Edem Useinovich Nalbandov (Note: Sometimes spelled Nalbantov (Налбантов).) (Едем Усеїнович Налбандов; Эдем Усеинович Налбандов; 25 December 1926 — 22 May 1999) was a Crimean Tatar composer and choirmaster. He received various accolades for his work including the honorary titles Honored Worker of Culture of the Uzbek SSR in 1977 and Honored Worker of Art of Ukraine in 1996. He became a member of the Union of Composers of the USSR in 1977.

==Biography==
Nalbandov was born in Crimea on 25 December 1926, but the family moved from Qapsihor to Qarasubazar due to famine in the 1930s. In 1936 he enrolled in music school to play the violin. Like all Crimean Tatars living in Crimea at the time, in 1944 deported, originally to the Mari ASSR. While living in the Mari ASSR he survived a logging accident, worked as a projectionist, and played the violin at film screenings. In 1951 he was arrested for violating the special settler (curfew) regime. He later moved to Leninabad, Tajik SSR where he entered music college in 1950. After graduating in 1954, he worked as a music teacher in the Mari ASSR. After moving to the Uzbek SSR he attended the Tashkent State Conservatory, which he graduated from in 1962. In 1964 he joined the Haytarma ensemble at the suggestion of Abselâm Islâmov, who was chief editor of Lenin Bayrağı at the time.
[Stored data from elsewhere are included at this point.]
(* There exists a deterministic algorithm that finds the sink of any $n$-dimensional Matoušek-type USO using at most $n$ vertex evaluations.
   Context: All vectors and matrices are over $GF(2)$; $\oplus$ denotes xor. An orientation of the hypercube $\{0,1\}^n$ is given by an outmap $o:\{0,1\}^n\to\{0,1\}^n$, the edge $\{v,v\oplus e_i\}$ being directed away from $v$ iff $o(v)_i=1$. An $n$-dimensional Matoušek-type USO is an orientation $o(v)=M(v\oplus s)$ with $M=PAP^T$ for a permutation matrix $P$ and an invertible upper-triangular $A\in\{0,1\}^{n\times n}$, and $s\in\{0,1\}^n$, the unique sink ($o(s)=0$). A sink-finding algorithm queries vertices $v$ and receives $o(v)$; it succeeds when it can output $s$. *)

theory Defs
  imports Main
begin

text \<open>Vectors over GF(2) of dimension n are represented as functions
  nat => bool that vanish (are False) outside the index range below n.
  Matrices over GF(2) are functions nat => nat => bool; only entries with
  both indices below n are relevant.\<close>

type_synonym gf2vec = "nat \<Rightarrow> bool"
type_synonym gf2mat = "nat \<Rightarrow> nat \<Rightarrow> bool"

definition cube :: "nat \<Rightarrow> gf2vec set" where
  "cube n = {v. \<forall>j\<ge>n. \<not> v j}"

definition xorv :: "gf2vec \<Rightarrow> gf2vec \<Rightarrow> gf2vec" where
  "xorv u v = (\<lambda>i. u i \<noteq> v i)"

definition mat_vec :: "nat \<Rightarrow> gf2mat \<Rightarrow> gf2vec \<Rightarrow> gf2vec" where
  "mat_vec n M v = (\<lambda>i. i < n \<and> odd (card {j. j < n \<and> M i j \<and> v j}))"

definition mat_mul :: "nat \<Rightarrow> gf2mat \<Rightarrow> gf2mat \<Rightarrow> gf2mat" where
  "mat_mul n A B = (\<lambda>i k. i < n \<and> k < n \<and> odd (card {j. j < n \<and> A i j \<and> B j k}))"

definition transp :: "gf2mat \<Rightarrow> gf2mat" where
  "transp A = (\<lambda>i j. A j i)"

definition id_mat :: "nat \<Rightarrow> gf2mat" where
  "id_mat n = (\<lambda>i j. i < n \<and> i = j)"

definition mat_eq :: "nat \<Rightarrow> gf2mat \<Rightarrow> gf2mat \<Rightarrow> bool" where
  "mat_eq n A B \<longleftrightarrow> (\<forall>i<n. \<forall>j<n. A i j = B i j)"

definition invertible_mat :: "nat \<Rightarrow> gf2mat \<Rightarrow> bool" where
  "invertible_mat n A \<longleftrightarrow>
     (\<exists>B. mat_eq n (mat_mul n A B) (id_mat n) \<and> mat_eq n (mat_mul n B A) (id_mat n))"

definition upper_triangular :: "nat \<Rightarrow> gf2mat \<Rightarrow> bool" where
  "upper_triangular n A \<longleftrightarrow> (\<forall>i<n. \<forall>j<n. j < i \<longrightarrow> \<not> A i j)"

definition perm_matrix :: "nat \<Rightarrow> gf2mat \<Rightarrow> bool" where
  "perm_matrix n P \<longleftrightarrow>
     (\<exists>\<sigma>. bij_betw \<sigma> {..<n} {..<n} \<and> (\<forall>i<n. \<forall>j<n. P i j = (\<sigma> j = i)))"

definition matousek_uso :: "nat \<Rightarrow> (gf2vec \<Rightarrow> gf2vec) \<Rightarrow> gf2vec \<Rightarrow> bool" where
  "matousek_uso n ou s \<longleftrightarrow> s \<in> cube n \<and>
     (\<exists>P A. perm_matrix n P \<and> upper_triangular n A \<and> invertible_mat n A \<and>
        (\<forall>v\<in>cube n. ou v = mat_vec n (mat_mul n (mat_mul n P A) (transp P)) (xorv v s)))"

text \<open>A deterministic adaptive query algorithm: given the history of
  (queried vertex, answer) pairs it chooses the next query. run nxt ou k is the
  history after k queries.\<close>
fun run :: "((gf2vec \<times> gf2vec) list \<Rightarrow> gf2vec) \<Rightarrow> (gf2vec \<Rightarrow> gf2vec) \<Rightarrow> nat
            \<Rightarrow> (gf2vec \<times> gf2vec) list" where
  "run nxt ou 0 = []"
| "run nxt ou (Suc k) = (let h = run nxt ou k; q = nxt h in h @ [(q, ou q)])"

end

theory Submission
  imports Defs
begin

text \<open>The algorithm starts at the origin and always jumps from the current vertex v to
  v \<oplus> o(v), where o(v) = M (v \<oplus> s) with M = P A P^T. An invertible upper triangular
  matrix over GF(2) has unit diagonal, so M has unit diagonal and becomes upper triangular
  once the coordinates are ranked by the permutation of P. If v already agrees with s in
  every coordinate of higher rank than i, then o(v) i = v i \<oplus> s i, so the jump makes
  coordinate i correct. Hence after k jumps the k coordinates of highest rank agree with s,
  and after n jumps the vertex is the sink.\<close>

lemma odd_card_subset_singleton:
  assumes "S \<subseteq> {a}"
  shows "odd (card S) \<longleftrightarrow> a \<in> S"
proof -
  from assms have "S = {} \<or> S = {a}" by blast
  then show ?thesis by auto
qed

lemma mat_mul_single_term:
  assumes "\<forall>j<n. j \<noteq> t \<longrightarrow> \<not> (A i j \<and> B j k)"
  shows "mat_mul n A B i k \<longleftrightarrow> i < n \<and> k < n \<and> t < n \<and> A i t \<and> B t k"
proof -
  have "{j. j < n \<and> A i j \<and> B j k} \<subseteq> {t}" using assms by auto
  from odd_card_subset_singleton[OF this] show ?thesis by (auto simp: mat_mul_def)
qed

lemma mat_vec_single_term:
  assumes "\<forall>j<n. j \<noteq> i \<longrightarrow> \<not> (M i j \<and> x j)"
  shows "mat_vec n M x i \<longleftrightarrow> i < n \<and> M i i \<and> x i"
proof -
  have "{j. j < n \<and> M i j \<and> x j} \<subseteq> {i}" using assms by auto
  from odd_card_subset_singleton[OF this] show ?thesis by (auto simp: mat_vec_def)
qed

lemma perm_conjugate_entry:
  assumes \<sigma>: "bij_betw \<sigma> {..<n} {..<n}" and P: "\<forall>i<n. \<forall>j<n. P i j = (\<sigma> j = i)"
    and "a < n" "b < n"
  shows "mat_mul n (mat_mul n P A) (transp P) (\<sigma> a) (\<sigma> b) = A a b"
proof -
  have \<sigma>_eq: "\<sigma> j = \<sigma> k \<longleftrightarrow> j = k" if "j < n" "k < n" for j k
    using \<sigma> that by (auto dest: bij_betw_imp_inj_on inj_onD)
  have \<sigma>_lt: "\<sigma> j < n" if "j < n" for j
    using \<sigma> that by (auto dest: bij_betwE)
  have PA: "mat_mul n P A (\<sigma> a) k = A a k" if "k < n" for k
    using mat_mul_single_term[of n a P "\<sigma> a" A k] P \<sigma>_eq \<sigma>_lt \<open>a < n\<close> that by auto
  show ?thesis
    using mat_mul_single_term[of n b "mat_mul n P A" "\<sigma> a" "transp P" "\<sigma> b"]
      P PA \<sigma>_eq \<sigma>_lt \<open>a < n\<close> \<open>b < n\<close> by (auto simp: transp_def)
qed

lemma upper_triangular_left_inverse_diag:
  assumes upper: "upper_triangular n A" and BA: "mat_eq n (mat_mul n B A) (id_mat n)"
    and "t < n"
  shows "A t t"
proof -
  \<comment> \<open>B vanishes below the diagonal in the columns left of t, so entry (u, t) of B A,
    for u \<ge> t, reduces to B u t \<and> A t t.\<close>
  have "A t t \<and> (\<forall>u<n. t < u \<longrightarrow> \<not> B u t)" if "t < n" for t
    using that
  proof (induction t rule: less_induct)
    case (less t)
    have entry: "B u t \<and> A t t \<longleftrightarrow> u = t" if "u < n" "t \<le> u" for u
    proof -
      have "\<forall>j<n. j \<noteq> t \<longrightarrow> \<not> (B u j \<and> A j t)"
        using upper less that unfolding upper_triangular_def by (metis le_less_trans linorder_neqE_nat)
      from mat_mul_single_term[of n t B u A t, OF this] show ?thesis
        using BA less.prems that unfolding mat_eq_def id_mat_def by auto
    qed
    show ?case using entry[of t] entry less.prems by fastforce
  qed
  with \<open>t < n\<close> show ?thesis by blast
qed

lemma upper_triangular_invertible_diag:
  "upper_triangular n A \<Longrightarrow> invertible_mat n A \<Longrightarrow> t < n \<Longrightarrow> A t t"
  unfolding invertible_mat_def using upper_triangular_left_inverse_diag by blast

definition flip_outmap :: "nat \<Rightarrow> (gf2vec \<Rightarrow> gf2vec) \<Rightarrow> gf2vec \<Rightarrow> gf2vec" where
  "flip_outmap n ou v = (\<lambda>i. i < n \<and> xorv v (ou v) i)"

definition flip_last_query :: "nat \<Rightarrow> (gf2vec \<times> gf2vec) list \<Rightarrow> gf2vec" where
  "flip_last_query n h =
     (if h = [] then (\<lambda>_. False) else (\<lambda>i. i < n \<and> xorv (fst (last h)) (snd (last h)) i))"

lemma flip_last_query_cube: "flip_last_query n h \<in> cube n"
  by (auto simp: flip_last_query_def cube_def)

lemma flip_last_query_run:
  "flip_last_query n (run (flip_last_query n) ou k) = (flip_outmap n ou ^^ k) (\<lambda>_. False)"
  by (induction k) (simp_all add: flip_last_query_def flip_outmap_def Let_def)

lemma flip_outmap_iterate_cube: "(flip_outmap n ou ^^ k) (\<lambda>_. False) \<in> cube n"
  by (cases k) (auto simp: cube_def flip_outmap_def)

lemma flip_outmap_fixes_coordinate:
  assumes ou: "ou v = mat_vec n M (xorv v s)" and "i < n" and "M i i"
    and agree: "\<forall>j<n. j \<noteq> i \<longrightarrow> M i j \<longrightarrow> v j = s j"
  shows "flip_outmap n ou v i = s i"
proof -
  have "\<forall>j<n. j \<noteq> i \<longrightarrow> \<not> (M i j \<and> xorv v s j)"
    using agree by (simp add: xorv_def)
  from mat_vec_single_term[of n i M "xorv v s", OF this] show ?thesis
    using assms by (auto simp: flip_outmap_def xorv_def)
qed

lemma flip_outmap_iterate_agrees:
  assumes ou: "\<forall>v\<in>cube n. ou v = mat_vec n M (xorv v s)"
    and rank: "\<forall>i<n. r i < n" and diag: "\<forall>i<n. M i i"
    and triangular: "\<forall>i<n. \<forall>j<n. M i j \<longrightarrow> i \<noteq> j \<longrightarrow> r i < r j"
    and "i < n" "n \<le> r i + k"
  shows "(flip_outmap n ou ^^ k) (\<lambda>_. False) i = s i"
  using assms(5,6)
proof (induction k arbitrary: i)
  case 0
  then show ?case using rank by fastforce
next
  case (Suc k)
  let ?v = "(flip_outmap n ou ^^ k) (\<lambda>_. False)"
  have "\<forall>j<n. j \<noteq> i \<longrightarrow> M i j \<longrightarrow> ?v j = s j"
  proof (intro allI impI)
    fix j assume "j < n" "j \<noteq> i" "M i j"
    with triangular Suc.prems have "n \<le> r j + k" by fastforce
    with Suc.IH \<open>j < n\<close> show "?v j = s j" by blast
  qed
  with flip_outmap_fixes_coordinate ou flip_outmap_iterate_cube Suc.prems diag
  show ?case by simp
qed

lemma perm_conjugate_upper_triangular_rank:
  assumes "perm_matrix n P" and upper: "upper_triangular n A" and diag: "\<forall>t<n. A t t"
  obtains r where "\<forall>i<n. r i < n"
    and "\<forall>i<n. mat_mul n (mat_mul n P A) (transp P) i i"
    and "\<forall>i<n. \<forall>j<n. mat_mul n (mat_mul n P A) (transp P) i j \<longrightarrow> i \<noteq> j \<longrightarrow> r i < r j"
proof -
  obtain \<sigma> where \<sigma>: "bij_betw \<sigma> {..<n} {..<n}" and P: "\<forall>i<n. \<forall>j<n. P i j = (\<sigma> j = i)"
    using \<open>perm_matrix n P\<close> unfolding perm_matrix_def by blast
  define r where "r = inv_into {..<n} \<sigma>"
  have rank: "\<forall>i<n. r i < n"
    unfolding r_def using bij_betw_inv_into[OF \<sigma>] by (auto dest: bij_betwE)
  have \<sigma>_r: "\<sigma> (r i) = i" if "i < n" for i
    unfolding r_def using bij_betw_inv_into_right[OF \<sigma>] that by blast
  have M: "mat_mul n (mat_mul n P A) (transp P) i j = A (r i) (r j)" if "i < n" "j < n" for i j
    using perm_conjugate_entry[OF \<sigma> P, of "r i" "r j" A] rank that by (simp add: \<sigma>_r)
  have "r i < r j" if "i < n" "j < n" "A (r i) (r j)" "i \<noteq> j" for i j
  proof -
    have "r i \<noteq> r j" using \<sigma>_r that by metis
    moreover have "\<not> r j < r i" using upper rank that unfolding upper_triangular_def by blast
    ultimately show ?thesis by simp
  qed
  with rank M diag show ?thesis by (intro that) auto
qed

lemma matousek_uso_flip_outmap_sink:
  assumes "matousek_uso n ou s"
  shows "(flip_outmap n ou ^^ n) (\<lambda>_. False) = s"
proof -
  obtain P A where s: "s \<in> cube n" and P: "perm_matrix n P" and upper: "upper_triangular n A"
    and "invertible_mat n A"
    and ou: "\<forall>v\<in>cube n. ou v = mat_vec n (mat_mul n (mat_mul n P A) (transp P)) (xorv v s)"
    using assms unfolding matousek_uso_def by blast
  then have "\<forall>t<n. A t t" using upper_triangular_invertible_diag by blast
  then obtain r where rank: "\<forall>i<n. r i < n"
    and diag: "\<forall>i<n. mat_mul n (mat_mul n P A) (transp P) i i"
    and triangular:
      "\<forall>i<n. \<forall>j<n. mat_mul n (mat_mul n P A) (transp P) i j \<longrightarrow> i \<noteq> j \<longrightarrow> r i < r j"
    using perm_conjugate_upper_triangular_rank[OF P upper] by blast
  have "(flip_outmap n ou ^^ n) (\<lambda>_. False) i = s i" for i
  proof (cases "i < n")
    case True
    then show ?thesis using flip_outmap_iterate_agrees[OF ou rank diag triangular] by simp
  next
    case False
    then show ?thesis using flip_outmap_iterate_cube[of n n ou] s by (simp add: cube_def)
  qed
  then show ?thesis by blast
qed

theorem theorem18:
  fixes n :: nat
  shows "\<exists>(nxt :: (gf2vec \<times> gf2vec) list \<Rightarrow> gf2vec) (ans :: (gf2vec \<times> gf2vec) list \<Rightarrow> gf2vec).
           (\<forall>h. nxt h \<in> cube n) \<and>
           (\<forall>ou s. matousek_uso n ou s \<longrightarrow> ans (run nxt ou n) = s)"
proof (intro exI conjI allI impI)
  show "flip_last_query n h \<in> cube n" for h
    by (rule flip_last_query_cube)
  show "flip_last_query n (run (flip_last_query n) ou n) = s" if "matousek_uso n ou s" for ou s
    using matousek_uso_flip_outmap_sink[OF that] by (simp add: flip_last_query_run)
qed

end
He co-authored with Ilyas Bakhshish a collection of Crimean Tatar folksongs. He moved to Bekabad in 1970 but travelled throughout the Uzbek SSR to study and teach music. He taught music at the Tashkent Institute of Culture from 1980 to 1983. He returned to Crimea in 1993, and taught at a music school in Simferopol.

== Legacy ==
His major works include writing the music for Yusuf Bolat's musical comedy "The Miserable Wedding" and many of his songs remain very popular in Crimea. He pioneered innovations in development of Crimean Tatar music, combining instrumental and choir aspects, and wrote over 300 melodies. He died on 22 May 1999. His daughter Elmira Nalbantova is also an artist.